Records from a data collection
───

section \<open>One step of projected stochastic gradient descent\<close>

lemma (in prob_space) projected_step_sq_dist_le:
  fixes g :: "'a \<Rightarrow> 'v::euclidean_space"
  assumes g[measurable]: "g \<in> borel_measurable M"
    and bound: "AE \<xi> in M. norm (g \<xi>) \<le> G"
    and descent: "c * (norm (w - u))\<^sup>2 \<le> (\<integral>\<xi>. inner (g \<xi>) (w - u) \<partial>M)"
    and "0 \<le> \<eta>" and u: "norm u \<le> D"
  shows "(\<integral>\<xi>. (norm (proj_ball D (w - \<eta> *\<^sub>R g \<xi>) - u))\<^sup>2 \<partial>M)
    \<le> (1 - 2 * \<eta> * c) * (norm (w - u))\<^sup>2 + \<eta>\<^sup>2 * G\<^sup>2"
proof -
  define v where "v = w - u"
  have expand: "(norm (w - \<eta> *\<^sub>R g \<xi> - u))\<^sup>2
      = (norm v)\<^sup>2 - 2 * \<eta> * inner (g \<xi>) v + \<eta>\<^sup>2 * (norm (g \<xi>))\<^sup>2" for \<xi>
    unfolding v_def power2_norm_eq_inner
    by (simp add: inner_diff_left inner_diff_right inner_commute power2_eq_square algebra_simps)
  have bound_sq: "AE \<xi> in M. (norm (g \<xi>))\<^sup>2 \<le> G\<^sup>2"
    using bound by eventually_elim (simp add: power_mono)
  have int_inner: "integrable M (\<lambda>\<xi>. inner (g \<xi>) v)"
  proof (rule integrable_const_bound[where B="G * norm v"])
    show "AE \<xi> in M. norm (inner (g \<xi>) v) \<le> G * norm v"
      using bound by eventually_elim
        (simp add: order_trans[OF Cauchy_Schwarz_ineq2 mult_right_mono[OF _ norm_ge_zero]])
  qed simp
  have int_sq: "integrable M (\<lambda>\<xi>. (norm (g \<xi>))\<^sup>2)"
    by (rule integrable_const_bound[where B="G\<^sup>2"]) (use bound_sq in simp_all)
  have "(\<integral>\<xi>. (norm (proj_ball D (w - \<eta> *\<^sub>R g \<xi>) - u))\<^sup>2 \<partial>M)
      \<le> (\<integral>\<xi>. (norm v)\<^sup>2 - 2 * \<eta> * inner (g \<xi>) v + \<eta>\<^sup>2 * (norm (g \<xi>))\<^sup>2 \<partial>M)"
  proof (rule integral_mono')
    fix \<xi>
    show "0 \<le> (norm v)\<^sup>2 - 2 * \<eta> * inner (g \<xi>) v + \<eta>\<^sup>2 * (norm (g \<xi>))\<^sup>2"
      by (metis expand zero_le_power2)
    show "(norm (proj_ball D (w - \<eta> *\<^sub>R g \<xi>) - u))\<^sup>2
        \<le> (norm v)\<^sup>2 - 2 * \<eta> * inner (g \<xi>) v + \<eta>\<^sup>2 * (norm (g \<xi>))\<^sup>2"
      unfolding expand[symmetric] by (intro power_mono norm_proj_ball_diff_le u) simp
  qed (use int_inner int_sq in simp)
  also have "\<dots> = (norm v)\<^sup>2 - 2 * \<eta> * (\<integral>\<xi>. inner (g \<xi>) v \<partial>M) + \<eta>\<^sup>2 * (\<integral>\<xi>. (norm (g \<xi>))\<^sup>2 \<partial>M)"
    using int_inner int_sq by (simp add: prob_space)
  also have "\<dots> \<le> (norm v)\<^sup>2 - 2 * \<eta> * (c * (norm v)\<^sup>2) + \<eta>\<^sup>2 * G\<^sup>2"
  proof -
    have "(\<integral>\<xi>. (norm (g \<xi>))\<^sup>2 \<partial>M) \<le> (\<integral>\<xi>. G\<^sup>2 \<partial>M)"
      by (rule integral_mono_AE[OF int_sq _ bound_sq]) simp
    then show ?thesis
      using descent \<open>0 \<le> \<eta>\<close> unfolding v_def[symmetric]
      by (simp add: prob_space add_mono mult_left_mono)
  qed
  finally show ?thesis
    by (simp add: v_def algebra_simps)
qed

section \<open>Robust linear regression with the Huber loss\<close>

text \<open>The noise \<open>\<epsilon>\<close> need not be centred: the argument only uses that \<open>x\<close> is centred
  and independent of \<open>(\<epsilon>, b)\<close>.\<close>

locale huber_sgd =
  fixes Px :: "'a::euclidean_space measure" and Pe Pb :: "real measure"
    and D \<sigma> \<alpha> \<rho> :: real and wstar :: 'a
  assumes prob_Px: "prob_space Px" and prob_Pe: "prob_space Pe" and prob_Pb: "prob_space Pb"
    and sets_Px: "sets Px = sets borel" and sets_Pe: "sets Pe = sets borel"
    and sets_Pb: "sets Pb = sets borel"
    and D_pos: "0 < D" and \<sigma>_nonneg: "0 \<le> \<sigma>" and \<alpha>_less_1: "\<alpha> < 1" and \<rho>_pos: "0 < \<rho>"
    and norm_wstar_le: "norm wstar \<le> D"
    and AE_norm_le_1: "AE x in Px. norm x \<le> 1"
    and covariance_ge: "\<forall>v. (\<integral>x. (inner v (x - (\<integral>z. z \<partial>Px)))\<^sup>2 \<partial>Px) \<ge> \<rho> * (norm v)\<^sup>2"
    and AE_noise_le: "AE e in Pe. \<bar>e\<bar> \<le> \<sigma>"
    and outlier_prob: "measure Pb {b. b \<noteq> 0} = \<alpha>"
begin

abbreviation "sample \<equiv> Px \<Otimes>\<^sub>M (Pe \<Otimes>\<^sub>M Pb)"
abbreviation "mu \<equiv> (\<integral>z. z \<partial>Px)"
abbreviation "R \<equiv> 6 * D + \<sigma>"
abbreviation "lam \<equiv> (1 - \<alpha>) * \<rho>"

sublocale Px: prob_space Px by (rule prob_Px)
sublocale Pb: prob_space Pb by (rule prob_Pb)
sublocale sample: prob_space sample by (intro prob_space_pair prob_Px prob_Pe prob_Pb)

lemma R_nonneg: "0 \<le> R"
  using D_pos \<sigma>_nonneg by simp

lemma measurable_noise_outlier[measurable]:
  "(\<lambda>p. fst p) \<in> borel_measurable (Pe \<Otimes>\<^sub>M Pb)" "(\<lambda>p. snd p) \<in> borel_measurable (Pe \<Otimes>\<^sub>M Pb)"
  using measurable_fst[of Pe Pb] measurable_snd[of Pe Pb]
  by (simp_all add: measurable_cong_sets[OF refl sets_Pe] measurable_cong_sets[OF refl sets_Pb])

lemma measurable_sample[measurable]:
  "(\<lambda>\<xi>. fst \<xi>) \<in> borel_measurable sample"
  "(\<lambda>\<xi>. fst (snd \<xi>)) \<in> borel_measurable sample"
  "(\<lambda>\<xi>. snd (snd \<xi>)) \<in> borel_measurable sample"
  using measurable_fst[of Px "Pe \<Otimes>\<^sub>M Pb"] by (simp_all add: measurable_cong_sets[OF refl sets_Px])

lemma AE_sample_bounded: "AE \<xi> in sample. norm (fst \<xi>) \<le> 1 \<and> \<bar>fst (snd \<xi>)\<bar> \<le> \<sigma>"
proof -
  have "AE p in Pe \<Otimes>\<^sub>M Pb. \<bar>fst p\<bar> \<le> \<sigma>"
    by (rule AE_pair_fstI[OF prob_Pb AE_noise_le])
  then have "AE \<xi> in sample. \<bar>fst (snd \<xi>)\<bar> \<le> \<sigma>"
    by (intro AE_pair_sndI prob_Px prob_space_pair prob_Pe prob_Pb)
  moreover have "AE \<xi> in sample. norm (fst \<xi>) \<le> 1"
    by (rule AE_pair_fstI[OF prob_space_pair[OF prob_Pe prob_Pb] AE_norm_le_1])
  ultimately show ?thesis by eventually_elim simp
qed

lemma integrable_sample_bounded:
  fixes f :: "'a \<times> real \<times> real \<Rightarrow> real"
  assumes "f \<in> borel_measurable sample"
    and "\<And>\<xi>. norm (fst \<xi>) \<le> 1 \<Longrightarrow> \<bar>fst (snd \<xi>)\<bar> \<le> \<sigma> \<Longrightarrow> \<bar>f \<xi>\<bar> \<le> B"
  shows "integrable sample f"
  by (rule sample.integrable_const_bound[where B=B]) (use assms AE_sample_bounded in auto)

lemma integrable_Px_id: "integrable Px (\<lambda>x. x)"
  by (rule Px.integrable_const_bound[where B=1])
    (simp_all add: AE_norm_le_1 measurable_cong_sets[OF sets_Px refl])

lemma norm_mean_le_1: "norm mu \<le> 1"
proof -
  have "norm mu \<le> (\<integral>x. norm x \<partial>Px)" by (rule integral_norm_bound)
  also have "\<dots> \<le> (\<integral>x. 1 \<partial>Px)"
    by (rule integral_mono_AE) (use integrable_Px_id AE_norm_le_1 in auto)
  finally show ?thesis by (simp add: Px.prob_space)
qed

lemma abs_inner_centered_le: "norm x \<le> 1 \<Longrightarrow> \<bar>inner v (x - mu)\<bar> \<le> 2 * norm v"
  using Cauchy_Schwarz_ineq2[of v "x - mu"] norm_mean_le_1 norm_triangle_ineq4[of x mu]
    mult_left_mono[of "norm (x - mu)" 2 "norm v"]
  by simp

lemma integral_inner_centered: "(\<integral>x. inner v (x - mu) \<partial>Px) = 0"
  using integrable_Px_id by (simp add: inner_diff_right Px.prob_space)

lemma integrable_inner_centered_mult:
  assumes "g \<in> borel_measurable (Pe \<Otimes>\<^sub>M Pb)" and "\<And>p. \<bar>g p\<bar> \<le> B"
  shows "integrable sample (\<lambda>\<xi>. inner v (fst \<xi> - mu) * g (snd \<xi>))"
proof (rule integrable_sample_bounded[where B="2 * norm v * B"])
  fix \<xi> :: "'a \<times> real \<times> real" assume "norm (fst \<xi>) \<le> 1"
  then show "\<bar>inner v (fst \<xi> - mu) * g (snd \<xi>)\<bar> \<le> 2 * norm v * B"
    unfolding abs_mult using abs_inner_centered_le assms(2) by (intro mult_mono) auto
qed (use measurable_compose[OF measurable_snd assms(1)] in measurable)

lemma integral_inner_centered_mult:
  assumes "g \<in> borel_measurable (Pe \<Otimes>\<^sub>M Pb)" and "\<And>p. \<bar>g p\<bar> \<le> B"
  shows "(\<integral>\<xi>. inner v (fst \<xi> - mu) * g (snd \<xi>) \<partial>sample) = 0"
  using integral_pair_mult[OF _ _ integrable_inner_centered_mult[OF assms]]
  by (simp add: integral_inner_centered prob_space_imp_sigma_finite prob_Px prob_space_pair prob_Pe prob_Pb)

lemma integral_inlier_ge:
  "lam * (norm v)\<^sup>2 \<le> (\<integral>\<xi>. (inner v (fst \<xi> - mu))\<^sup>2 * indicator {0} (snd (snd \<xi>)) \<partial>sample)"
proof -
  have space_Pb: "space Pb = UNIV"
    using sets_eq_imp_space_eq[OF sets_Pb] by simp
  then have "{b. b \<noteq> 0} = space Pb - {0}"
    by auto
  then have "Pb.prob {0} = 1 - \<alpha>"
    using outlier_prob Pb.prob_compl[of "{0}"] by (simp add: sets_Pb)
  then have inlier: "(\<integral>p. indicator {0} (snd p) \<partial>(Pe \<Otimes>\<^sub>M Pb)) = 1 - \<alpha>"
    by (subst integral_pair_snd[OF prob_Pe prob_Pb])
      (simp_all add: space_Pb measurable_cong_sets[OF sets_Pb refl])
  have "integrable sample (\<lambda>\<xi>. (inner v (fst \<xi> - mu))\<^sup>2 * indicator {0} (snd (snd \<xi>)))"
  proof (rule integrable_sample_bounded[where B="(2 * norm v)\<^sup>2"])
    fix \<xi> :: "'a \<times> real \<times> real" assume "norm (fst \<xi>) \<le> 1"
    then have "(inner v (fst \<xi> - mu))\<^sup>2 \<le> (2 * norm v)\<^sup>2"
      using abs_inner_centered_le abs_le_square_iff[of "inner v (fst \<xi> - mu)" "2 * norm v"] by simp
    then show "\<bar>(inner v (fst \<xi> - mu))\<^sup>2 * indicator {0} (snd (snd \<xi>))\<bar> \<le> (2 * norm v)\<^sup>2"
      by (simp add: indicator_def)
  qed measurable
  then have "(\<integral>\<xi>. (inner v (fst \<xi> - mu))\<^sup>2 * indicator {0} (snd (snd \<xi>)) \<partial>sample)
      = (\<integral>x. (inner v (x - mu))\<^sup>2 \<partial>Px) * (1 - \<alpha>)"
    using integral_pair_mult[of Px "Pe \<Otimes>\<^sub>M Pb" "\<lambda>x. (inner v (x - mu))\<^sup>2" "\<lambda>p. indicator {0} (snd p)"]
    by (simp add: inlier prob_space_imp_sigma_finite prob_Px prob_space_pair prob_Pe prob_Pb)
  then show ?thesis
    using covariance_ge \<alpha>_less_1 by (simp add: mult.commute mult_right_mono)
qed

───

**Problem to solve:** Above are records; repeat only the lines starting at the line with "unfolding expand[symmetric] by" and ending at the line with "section \<open>Robust linear", exactly as they appear, both included.

**Final answer:**
      unfolding expand[symmetric] by (intro power_mono norm_proj_ball_diff_le u) simp
  qed (use int_inner int_sq in simp)
  also have "\<dots> = (norm v)\<^sup>2 - 2 * \<eta> * (\<integral>\<xi>. inner (g \<xi>) v \<partial>M) + \<eta>\<^sup>2 * (\<integral>\<xi>. (norm (g \<xi>))\<^sup>2 \<partial>M)"
    using int_inner int_sq by (simp add: prob_space)
  also have "\<dots> \<le> (norm v)\<^sup>2 - 2 * \<eta> * (c * (norm v)\<^sup>2) + \<eta>\<^sup>2 * G\<^sup>2"
  proof -
    have "(\<integral>\<xi>. (norm (g \<xi>))\<^sup>2 \<partial>M) \<le> (\<integral>\<xi>. G\<^sup>2 \<partial>M)"
      by (rule integral_mono_AE[OF int_sq _ bound_sq]) simp
    then show ?thesis
      using descent \<open>0 \<le> \<eta>\<close> unfolding v_def[symmetric]
      by (simp add: prob_space add_mono mult_left_mono)
  qed
  finally show ?thesis
    by (simp add: v_def algebra_simps)
qed

section \<open>Robust linear regression with the Huber loss\<close>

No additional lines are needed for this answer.